This lab consists of the following major steps:

  1. Importing libraries and connecting to Snowflake
  2. Creating the dataframes of test data from the TPCDS dataset
  3. Setting up the virtual warehouses prior to testing
  4. Running four test suites on typical UDF operations
    • Numeric Computation (~3 minutes)
    • String Manipulation (~5 minutes)
    • Batch Sizing (~5 minutes)
    • Timestamp Manipulation (~60 minutes)
  5. Analyzing the results, forming conclusions, and cleanup

Run the lab

Open up the jupyter notebook titled lab2_vectorized_udfs and run each of the cells.

Analysis

Below is analysis of the tests ran in the notebook. Please compare these findings with the results in your notebook.

Recap

Before we look into the results, let's recap what we have done so far:

  • We took 4 different TPCH datasets of varying sizes...
  • ...Used 3 different Virtual Warehouse sizes, i.e., Small, Medium, and Large...
  • ...On 4 different hypothetical use-cases...
  • ...and generated results that will allow us to compare the performance of a UDF Operation with and without using Vectorised UDFs .

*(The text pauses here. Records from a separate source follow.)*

lemma tail_eq_integral:
  assumes c: "c \<in> cbox lo hi"
  shows "tail g i c = integral {c$i..hi$i} (\<lambda>z. g i (upd c i z))"
proof -
  let ?f = "\<lambda>z. g i (upd c i z)"
  have "tail_nn g i c = (\<integral>\<^sup>+z\<in>{c$i..hi$i}. ennreal (?f z) \<partial>lborel)"
    unfolding tail_nn_def
  proof (rule nn_integral_cong)
    fix z
    show "ennreal (if c$i \<le> z then ?f z else 0) = ennreal (?f z) * indicator {c$i..hi$i} z"
      using borel_allocD(4)[OF g] upd_notin_cbox[of hi i z c lo] by (auto simp: indicator_def not_le)
  qed
  also have "\<dots> = ennreal (integral {c$i..hi$i} ?f)"
  proof (rule set_nn_integral_lborel_eq_integral)
    show "set_borel_measurable borel {c$i..hi$i} ?f"
      unfolding set_borel_measurable_def by measurable
    show "\<And>x. x \<in> {c$i..hi$i} \<Longrightarrow> 0 \<le> ?f x" using borel_allocD(2)[OF g] by auto
    have "(\<integral>\<^sup>+z\<in>{c$i..hi$i}. ennreal (?f z) \<partial>lborel) \<le> ennreal (hi$i - c$i)"
      using calculation tail_nn_le[OF c, of i] by simp
    then show "(\<integral>\<^sup>+z\<in>{c$i..hi$i}. ennreal (?f z) \<partial>lborel) < \<infinity>"
      using le_less_trans[OF _ ennreal_less_top] by simp
  qed
  moreover have "0 \<le> integral {c$i..hi$i} ?f"
    using borel_allocD(2)[OF g]
    by (cases "?f integrable_on {c$i..hi$i}") (auto intro: integral_nonneg simp: not_integrable_integral)
  ultimately show ?thesis by (simp add: tail_def)
qed

definition tail_kernel :: "'n \<Rightarrow> (real^'n) \<times> real \<Rightarrow> ennreal" where
  "tail_kernel i p = ennreal (g i (fst p) * jdens_except i (fst p) * bdens i (snd p)
      * (if snd p \<le> fst p $ i then 1 else 0))"

lemma borel_measurable_tail_kernel [measurable]: "tail_kernel i \<in> borel_measurable borel"
  unfolding tail_kernel_def by measurable

lemma nn_integral_tail_kernel_upd:
  "(\<integral>\<^sup>+z. tail_kernel i (upd c i z, c$i) \<partial>lborel) = ennreal (jdens c * tail g i c)"
proof -
  have "(\<integral>\<^sup>+z. tail_kernel i (upd c i z, c$i) \<partial>lborel)
      = (\<integral>\<^sup>+z. ennreal (jdens c) * ennreal (if c$i \<le> z then g i (upd c i z) else 0) \<partial>lborel)"
    by (intro nn_integral_cong)
      (simp add: tail_kernel_def jdens_split[of c i] ennreal_mult'[symmetric] borel_allocD(2)[OF g]
        jdens_except_nonneg bdens(2) mult_ac)
  also have "\<dots> = ennreal (jdens c) * tail_nn g i c"
    unfolding tail_nn_def by (rule nn_integral_cmult) measurable
  also have "\<dots> = ennreal (jdens c * tail g i c)"
  proof (cases "c \<in> cbox lo hi")
    case True
    have "tail_nn g i c < top"
      using le_less_trans[OF tail_nn_le[OF True, of i] ennreal_less_top] .
    then have "tail_nn g i c = ennreal (tail g i c)"
      by (simp add: tail_def)
    then show ?thesis by (simp add: ennreal_mult jdens_nonneg tail_nonneg)
  qed (simp add: jdens_outside)
  finally show ?thesis .
qed

lemma nn_integral_tail_kernel:
  "(\<integral>\<^sup>+z. tail_kernel i (c, z) \<partial>lborel) = ennreal (g i c * cdf i (c$i) * jdens_except i c)"
proof -
  have "(\<integral>\<^sup>+z. tail_kernel i (c, z) \<partial>lborel)
      = (\<integral>\<^sup>+z. ennreal (g i c * jdens_except i c) * (ennreal (bdens i z) * indicator {..c$i} z)
          \<partial>lborel)"
    by (intro nn_integral_cong)
      (simp add: tail_kernel_def ennreal_mult'[symmetric] borel_allocD(2)[OF g] jdens_except_nonneg
        bdens(2) mult_ac indicator_def)
  also have "\<dots> = ennreal (g i c * jdens_except i c)
      * (\<integral>\<^sup>+z. ennreal (bdens i z) * indicator {..c$i} z \<partial>lborel)"
    by (rule nn_integral_cmult) measurable
  also have "\<dots> = ennreal (g i c * cdf i (c$i) * jdens_except i c)"
  proof (cases "c \<in> cbox lo hi")
    case True
    then have ci: "c$i \<in> {lo$i..hi$i}" by (simp add: mem_box_cart)
    then show ?thesis
      by (simp add: nn_integral_bdens_atMost[OF ci] cdf_def ennreal_mult'[symmetric] C_nonneg
          borel_allocD(2)[OF g] jdens_except_nonneg)
  qed (simp add: borel_allocD(4)[OF g])
  finally show ?thesis .
qed

lemma nn_integral_tail:
  "(\<integral>\<^sup>+c. ennreal (jdens c * tail g i c) \<partial>lborel)
     = (\<integral>\<^sup>+c. ennreal (g i c * cdf i (c$i) * jdens_except i c) \<partial>lborel)"
  using nn_integral_coord_swap[of "tail_kernel i" i]
  by (simp add: nn_integral_tail_kernel_upd nn_integral_tail_kernel)

lemma integrable_jdens_tail: "integrable lborel (\<lambda>c. jdens c * tail g i c)"
proof (rule Bochner_Integration.integrable_bound[OF integrable_mult_right[OF integrable_jdens]])
  show "(\<lambda>c. jdens c * tail g i c) \<in> borel_measurable lborel" by (simp add: measurable_lborel1)
  show "AE c in lborel. norm (jdens c * tail g i c) \<le> norm ((hi$i - lo$i) * jdens c)"
  proof (rule AE_I2)
    fix c
    show "norm (jdens c * tail g i c) \<le> norm ((hi$i - lo$i) * jdens c)"
    proof (cases "c \<in> cbox lo hi")
      case True
      moreover have "lo$i \<le> c$i" using True by (simp add: mem_box_cart)
      ultimately have "tail g i c \<le> hi$i - lo$i" using tail_le[OF True, of i] by simp
      then show ?thesis
        using jdens_nonneg[of c] tail_nonneg[of i c]
        by (simp add: abs_mult mult_left_mono mult.commute[of _ "jdens c"])
    qed (simp add: jdens_outside)
  qed
qed

lemma integrable_cdf_term: "integrable lborel (\<lambda>c. g i c * cdf i (c$i) * jdens_except i c)"
proof (rule integrableI_nonneg)
  show "(\<lambda>c. g i c * cdf i (c$i) * jdens_except i c) \<in> borel_measurable lborel"
    by (simp add: measurable_lborel1)
  show "AE c in lborel. 0 \<le> g i c * cdf i (c$i) * jdens_except i c"
    using borel_allocD(2)[OF g] jdens_except_nonneg cdf_nonneg by simp
  show "(\<integral>\<^sup>+c. ennreal (g i c * cdf i (c$i) * jdens_except i c) \<partial>lborel) < \<infinity>"
    using integrableD(2)[OF integrable_jdens_tail, of i] nn_integral_tail[of i]
    by (simp add: less_top)
qed

lemma integral_jdens_tail:
  "(\<integral>c. jdens c * tail g i c \<partial>lborel) = (\<integral>c. g i c * cdf i (c$i) * jdens_except i c \<partial>lborel)"
proof -
  have "0 \<le> g i c * cdf i (c$i) * jdens_except i c" for c
    using borel_allocD(2)[OF g] jdens_except_nonneg cdf_nonneg by simp
  then show ?thesis
    using nn_integral_tail[of i] jdens_nonneg tail_nonneg
    by (subst (1 2) integral_eq_nn_integral) (auto simp: measurable_lborel1)
qed

lemma integrable_value_term: "integrable lborel (\<lambda>c. val lam i (c$i) (p$i) * g i c * jdens c)"
proof (rule Bochner_Integration.integrable_bound
    [OF integrable_mult_right[OF integrable_jdens, of "(\<bar>p$i\<bar> + \<bar>lo$i\<bar> + \<bar>hi$i\<bar>) * \<bar>lam i (p$i)\<bar>"]])
  show "(\<lambda>c. val lam i (c$i) (p$i) * g i c * jdens c) \<in> borel_measurable lborel"
    by (simp add: measurable_lborel1 val_def)
  show "AE c in lborel. norm (val lam i (c$i) (p$i) * g i c * jdens c)
      \<le> norm ((\<bar>p$i\<bar> + \<bar>lo$i\<bar> + \<bar>hi$i\<bar>) * \<bar>lam i (p$i)\<bar> * jdens c)"
  proof (rule AE_I2)
    fix c
    show "norm (val lam i (c$i) (p$i) * g i c * jdens c)
      \<le> norm ((\<bar>p$i\<bar> + \<bar>lo$i\<bar> + \<bar>hi$i\<bar>) * \<bar>lam i (p$i)\<bar> * jdens c)"
    proof (cases "c \<in> cbox lo hi")
      case True
      let ?K = "\<bar>p$i\<bar> + \<bar>lo$i\<bar> + \<bar>hi$i\<bar>"
      have "lo$i \<le> c$i" "c$i \<le> hi$i" using True by (simp_all add: mem_box_cart)
      then have "\<bar>p$i - c$i\<bar> \<le> ?K" by arith
      moreover have "\<bar>g i c\<bar> \<le> 1" using borel_allocD(2,3)[OF g] by auto
      ultimately have "\<bar>p$i - c$i\<bar> * \<bar>g i c\<bar> \<le> ?K * 1"
        by (intro mult_mono) auto
      then have "\<bar>p$i - c$i\<bar> * \<bar>g i c\<bar> * (\<bar>lam i (p$i)\<bar> * jdens c) \<le> ?K * (\<bar>lam i (p$i)\<bar> * jdens c)"
        using jdens_nonneg[of c] by (intro mult_right_mono) auto
      then show ?thesis
        using jdens_nonneg[of c] by (simp add: val_def abs_mult mult_ac)
    qed (simp add: jdens_outside)
  qed
qed

lemma integrable_virtual_welfare_density: "integrable lborel (virtual_welfare_density lam p g)"
  unfolding virtual_welfare_density_def
  using integrable_value_term integrable_cdf_term by auto

lemma AE_virtual_welfare_density:
  "AE c in lborel. virtual_welfare_density lam p g c
     = jdens c * (\<Sum>i\<in>UNIV. virt lam C dens i (c$i) (p$i) * g i c)"
  using AE_dens_eq_bdens
proof eventually_elim
  case (elim c)
  show ?case
  proof (cases "c \<in> cbox lo hi")
    case True
    have "jdens c * (virt lam C dens i (c$i) (p$i) * g i c)
        = val lam i (c$i) (p$i) * g i c * jdens c
          - lam i (p$i) * (g i c * cdf i (c$i) * jdens_except i c)" for i
    proof -
      have ci: "c$i \<in> {lo$i..hi$i}" using True by (simp add: mem_box_cart)
      then have "dens i (c$i) = bdens i (c$i)" using elim by simp
      then have "jdens c = dens i (c$i) * jdens_except i c" by (simp add: jdens_split[of c i])
      moreover have "0 < dens i (c$i)" using ci dens_pos by simp
      ultimately show ?thesis using ci by (simp add: virt_def cdf_def field_simps)
    qed
    then show ?thesis by (simp add: virtual_welfare_density_def sum_distrib_left)
  qed (simp add: virtual_welfare_density_def jdens_outside borel_allocD(4)[OF g])
qed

Numeric Computation Use Cases

Numeric Results Table

For Numerical Computation, keeping the same dataset and warehouse size, Vectorised UDFs outperform Normal UDFs.

  • This is also seen when we change the size of the warehouse (to Large) to accommodate the change in dataset size (to Customer 1000)
  • This is because Numerical data types (including Boolean [0, 1]) expose their contents as memoryviews(). Memoryviews allow direct read & write access to the data without needing to copy it. But if you do require to copy it, they don't need to be read sequentially first. This significantly improves performance.
  • What is peculiar is the behavior when working with a Medium warehouse and Customer 100 dataset. Where it performs slightly less efficient than a Small Warehouse. This could have several reasons, but what I noticed in the Query Profile was:
    • It takes the Medium warehouse upto 35% of the time to initialise as compared to ~10% of time for a Smaller warehouse.
    • Another is the time it took to create the python sandbox environment, i.e. ~900ms on a Medium warehouse compared to <400ms for Smaller warehouse. The last one especially could compound across the UDFs that get created and to cause the slight difference in performance.
    • Of course, this previous point above doesn't carry across the other dataset and warehouse size.
  • Optional Work: Leverage GET_QUERY_OPERATOR_STATS() table function for a more detailed and thorough analysis.

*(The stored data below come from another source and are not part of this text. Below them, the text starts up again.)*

(* In every execution of the Minimmit protocol (described in the context), correct processors vote for at most one block in each view: if $p_i$ is correct then, for each $v\in \mathbb{N}_{\geq 1}$, there exists at most one block $b$ with $b.\text{view}=v$ such that $p_i$ sends a message $(\text{vote},b)$.
   Context: Setting. There are $n$ processors $\Pi=\{p_0,\dots,p_{n-1}\}$ and an integer $f$ with $5f+1\le n$. At most $f$ processors may be corrupted by an adversary during the execution and then behave arbitrarily (Byzantine); processors never corrupted are called correct. Processors communicate over point-to-point authenticated channels; every message is signed by its sender; a PKI validates signatures and $H$ is a collision-resistant hash function; attention is restricted to executions in which the adversary cannot forge signatures or find hash collisions. Time is divided into timeslots $t\in\mathbb{N}_{\ge 0}$ (partial synchrony): a message sent at time $t$ arrives at some time $t'>t$ with $t'\le \max\{\text{GST},t\}+\Delta$, where $\Delta$ is known to the protocol and GST is unknown and chosen by the adversary (who also chooses delivery times subject to this constraint). Clocks of correct processors advance in real time. When a correct processor sends a message to all processors, it regards that message as immediately received by itself. Transactions are unique messages signed by the environment; each timeslot each processor may receive a finite set of transactions. Each processor $p_i$ maintains an append-only log $\text{log}_i$ of distinct transactions, $\text{log}_i(t)$ denoting its value at the end of timeslot $t$. Blocks. $\text{lead}(v):=p_j$ with $j=v \bmod n$. The genesis block is $b_{\text{gen}}=(0,\lambda,\lambda)$ ($\lambda$ the empty sequence). Any other block is a tuple $b=(v,\text{Tr},h)$ signed by $\text{lead}(v)$, with $v\in\mathbb{N}_{\ge1}$ ($b.\text{view}=v$, "a view $v$ block"), $\text{Tr}=b.\text{Tr}$ a sequence of distinct transactions, and $h=b.h$ a hash value; its parent is the block $b'$ with $H(b')=h$. The ancestors of $b$ are $b$ and the ancestors of its parent ($b_{\text{gen}}$ has only itself). Two blocks are inconsistent if neither is an ancestor of the other. To finalise $b$ means: upon obtaining all ancestors of $b$, the processor sets its log to extend the concatenation of $b'.\text{Tr}$ over ancestors $b'$ of $b$ (with duplicates removed). Messages. A vote for $b$ is $(\text{vote},b)$. An M-notarization for $b$ is a set of $2f+1$ votes for $b$ signed by distinct processors; an L-notarization for $b$ is a set of $n-f$ votes for $b$ signed by distinct processors. A nullify$(v)$ message is $(\text{nullify},v)$; a nullification for view $v$ is a set of $2f+1$ nullify$(v)$ messages signed by distinct processors. Local state of each processor: $\mathtt{S}$, the set of all received messages (automatically updated; it contains a block $b$ if it contains any message having $b$ as an entry; initially it contains only $b_{\text{gen}}$ and an M- and L-notarization for $b_{\text{gen}}$); the current view $\mathtt{v}$ (initially 1; a processor enters view $v$ when $\mathtt{v}$ becomes $v$); a timer $\mathtt{T}$ (initially 0, increasing in real time, reset to 0 upon entering a new view); $\mathtt{nullified}$ (initially false) and $\mathtt{notarized}$ (initially $\bot$, a value different from every block). SelectParent$(\mathtt{S},\mathtt{v})$: let $v'<\mathtt{v}$ be greatest such that $\mathtt{S}$ contains an M-notarization for some block of view $v'$; output the lexicographically least such block. ProposeChild$(b,v)$: form a sequence Tr of distinct transactions containing all transactions received and not in $b'.\text{Tr}$ for any ancestor $b'\in\mathtt{S}$ of $b$, and send the block $(v,\text{Tr},H(b))$ to all processors. $\mathtt{S}$ contains a valid proposal $b$ for view $v$ if $\mathtt{S}$ contains (i) precisely one block of the form $b=(v,\text{Tr},h)$ signed by $\text{lead}(v)$, (ii) an M-notarization for some $b'$ with $H(b')=h$, say $b'.\text{view}=v'$, and (iii) a nullification for each view in the open interval $(v',v)$. At timeslot $t$ a nullification $N\subseteq\mathtt{S}$ for a view $v$ is new if $\mathtt{S}$ contained no nullification for $v$ at any earlier timeslot and $N$ is lexicographically least among nullifications for $v$ in $\mathtt{S}$; new M-notarizations and new L-notarizations for a block $b$ are defined analogously. Protocol (Minimmit): at every timeslot, correct $p_i$ does, in order: (1) send new nullifications in $\mathtt{S}$ to all processors; (2) send new M- and L-notarizations in $\mathtt{S}$ to all; (3) if $p_i=\text{lead}(\mathtt{v})$, execute ProposeChild(SelectParent$(\mathtt{S},\mathtt{v}),\mathtt{v})$; (4) if $\mathtt{S}$ contains a valid proposal $b$ for view $\mathtt{v}$ and $\mathtt{notarized}=\bot$ and $\mathtt{nullified}=$ false, set $\mathtt{notarized}:=b$ and send $(\text{vote},b)$ to all; (5) if $\mathtt{T}=2\Delta$, $\mathtt{nullified}=$ false and $\mathtt{notarized}=\bot$, set $\mathtt{nullified}:=$ true and send $(\text{nullify},\mathtt{v})$ to all; (6) if $\mathtt{S}$ contains a nullification for $\mathtt{v}$, set $\mathtt{v}:=\mathtt{v}+1$, $\mathtt{nullified}:=$ false, $\mathtt{notarized}:=\bot$; (7) if $\mathtt{S}$ contains an M-notarization for some $b$ with $b.\text{view}=\mathtt{v}$: if $\mathtt{notarized}=\bot$ and $\mathtt{nullified}=$ false send $(\text{vote},b)$ to all; then set $\mathtt{v}:=\mathtt{v}+1$, $\mathtt{nullified}:=$ false, $\mathtt{notarized}:=\bot$; (8) if $\mathtt{nullified}=$ false, $\mathtt{notarized}\neq\bot$, and $\mathtt{S}$ contains at least $2f+1$ messages signed by distinct processors, each either $(\text{nullify},\mathtt{v})$ or $(\text{vote},b)$ for some $b$ with $b.\text{view}=\mathtt{v}$ and $b\ne\mathtt{notarized}$, then set $\mathtt{nullified}:=$ true and send $(\text{nullify},\mathtt{v})$ to all; (9) if $\mathtt{S}$ contains a new L-notarization for a block $b$, finalise $b$. *)

theory Defs
  imports Main
begin

text \<open>Processors are indices p < n. Blocks (v, Tr, h); the parent hash of the genesis
block is the empty sequence, modelled as None. A block of view v is (implicitly) signed
by lead(v).\<close>

datatype ('tx,'h) block = Block (bview: nat) (btrs: "'tx list") (bpar: "'h option")

definition gen :: "('tx,'h) block" where
  "gen = Block 0 [] None"

definition is_block :: "('tx,'h) block \<Rightarrow> bool" where
  "is_block b \<longleftrightarrow> b = gen \<or> (bview b \<ge> 1 \<and> distinct (btrs b) \<and> bpar b \<noteq> None)"

text \<open>Atomic signed messages: a block proposal (signed by lead of its view), a vote
(signer, block), a nullify message (signer, view), and a transaction (signed by the
environment). Notarizations/nullifications are sets of such atomic messages.\<close>

datatype ('tx,'h) smsg =
    SBlock "('tx,'h) block"
  | SVote nat "('tx,'h) block"
  | SNull nat nat
  | STx 'tx

definition lead :: "nat \<Rightarrow> nat \<Rightarrow> nat" where
  "lead n v = v mod n"

definition signed_by :: "nat \<Rightarrow> nat \<Rightarrow> ('tx,'h) smsg \<Rightarrow> bool" where
  "signed_by n p m = (case m of
      SBlock b \<Rightarrow> bview b \<ge> 1 \<and> lead n (bview b) = p
    | SVote q _ \<Rightarrow> q = p
    | SNull q _ \<Rightarrow> q = p
    | STx _ \<Rightarrow> False)"

definition blocks_in :: "('tx,'h) smsg set \<Rightarrow> ('tx,'h) block set" where
  "blocks_in S = insert gen {b. is_block b \<and> (SBlock b \<in> S \<or> (\<exists>q. SVote q b \<in> S))}"

definition voters :: "nat \<Rightarrow> ('tx,'h) smsg set \<Rightarrow> ('tx,'h) block \<Rightarrow> nat set" where
  "voters n S b = {q. q < n \<and> SVote q b \<in> S}"

definition nullifiers :: "nat \<Rightarrow> ('tx,'h) smsg set \<Rightarrow> nat \<Rightarrow> nat set" where
  "nullifiers n S v = {q. q < n \<and> SNull q v \<in> S}"

definition has_Mnot :: "nat \<Rightarrow> nat \<Rightarrow> ('tx,'h) smsg set \<Rightarrow> ('tx,'h) block \<Rightarrow> bool" where
  "has_Mnot n f S b \<longleftrightarrow> b = gen \<or> (is_block b \<and> card (voters n S b) \<ge> 2*f+1)"

definition has_Lnot :: "nat \<Rightarrow> nat \<Rightarrow> ('tx,'h) smsg set \<Rightarrow> ('tx,'h) block \<Rightarrow> bool" where
  "has_Lnot n f S b \<longleftrightarrow> b = gen \<or> (is_block b \<and> card (voters n S b) \<ge> n - f)"

definition has_null :: "nat \<Rightarrow> nat \<Rightarrow> ('tx,'h) smsg set \<Rightarrow> nat \<Rightarrow> bool" where
  "has_null n f S v \<longleftrightarrow> card (nullifiers n S v) \<ge> 2*f+1"

definition is_notarization :: "nat \<Rightarrow> nat \<Rightarrow> ('tx,'h) smsg set \<Rightarrow> ('tx,'h) block \<Rightarrow> ('tx,'h) smsg set \<Rightarrow> bool" where
  "is_notarization n k S b N \<longleftrightarrow>
     (\<exists>Q. Q \<subseteq> voters n S b \<and> card Q = k \<and> N = (\<lambda>q. SVote q b) ` Q)"

definition is_nullification :: "nat \<Rightarrow> nat \<Rightarrow> ('tx,'h) smsg set \<Rightarrow> nat \<Rightarrow> ('tx,'h) smsg set \<Rightarrow> bool" where
  "is_nullification n f S v N \<longleftrightarrow>
     (\<exists>Q. Q \<subseteq> nullifiers n S v \<and> card Q = 2*f+1 \<and> N = (\<lambda>q. SNull q v) ` Q)"

inductive_set ancestors :: "(('tx,'h) block \<Rightarrow> 'h) \<Rightarrow> ('tx,'h) smsg set \<Rightarrow> ('tx,'h) block \<Rightarrow> ('tx,'h) block set"
  for H S b where
  self: "b \<in> ancestors H S b"
| parent: "c \<in> ancestors H S b \<Longrightarrow> c' \<in> blocks_in S \<Longrightarrow> bpar c = Some (H c') \<Longrightarrow> c' \<in> ancestors H S b"

definition valid_proposal :: "nat \<Rightarrow> nat \<Rightarrow> (('tx,'h) block \<Rightarrow> 'h) \<Rightarrow> ('tx,'h) smsg set \<Rightarrow> nat \<Rightarrow> ('tx,'h) block \<Rightarrow> bool" where
  "valid_proposal n f H S v b \<longleftrightarrow>
     {c \<in> blocks_in S. bview c = v} = {b} \<and>
     (\<exists>b' \<in> blocks_in S. bpar b = Some (H b') \<and> has_Mnot n f S b' \<and>
        (\<forall>w. bview b' < w \<and> w < v \<longrightarrow> has_null n f S w))"

text \<open>Possible outputs of SelectParent(S, v) (lexicographic tie-breaking relaxed to any choice).\<close>
definition select_parent :: "nat \<Rightarrow> nat \<Rightarrow> ('tx,'h) smsg set \<Rightarrow> nat \<Rightarrow> ('tx,'h) block \<Rightarrow> bool" where
  "select_parent n f S v par \<longleftrightarrow>
     par \<in> blocks_in S \<and> has_Mnot n f S par \<and> bview par < v \<and>
     (\<forall>c \<in> blocks_in S. has_Mnot n f S c \<and> bview c < v \<longrightarrow> bview c \<le> bview par)"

Non-Numeric Computation Use Cases

NonNumeric Results Table

As expected, it makes sense not to use Vectorised UDFs for Non-numeric operations

  • But apart from the obvious, let's check out what the Query Profile looks like for the String Manipulation for Customer 100 Dataset when using a Small warehouse:
    • The Total (and by extention Average) UDF Handler Execution Time was about half for a Normal UDF when compared to the Vectorised UDF
    • The Average UDF encoding/decoding time was less than 1/100th of a millisecond for a Normal UDF when compared to 5 ms for a Vectorised UDF
    • I think we have to appreciate the difference of orders of magnitude here and especially when compounded, really makes the difference in performance between a Normal and Vectorised UDF
    • The Python Sandbox environment creation time was 1/3rd for Normal UDFs when compared to Vectorised UDFs
    • It is also important to note that the Bytes scanned and written were almost the same, and the partitions were the same as no partitioning had been done to this dataset.
  • Optional Work: Leverage GET_QUERY_OPERATOR_STATS() table function for a more detailed and thorough analysis.

Batch Sizes

Additionally, when using Vectorised UDFs, you may want to play around with Batch Sizes.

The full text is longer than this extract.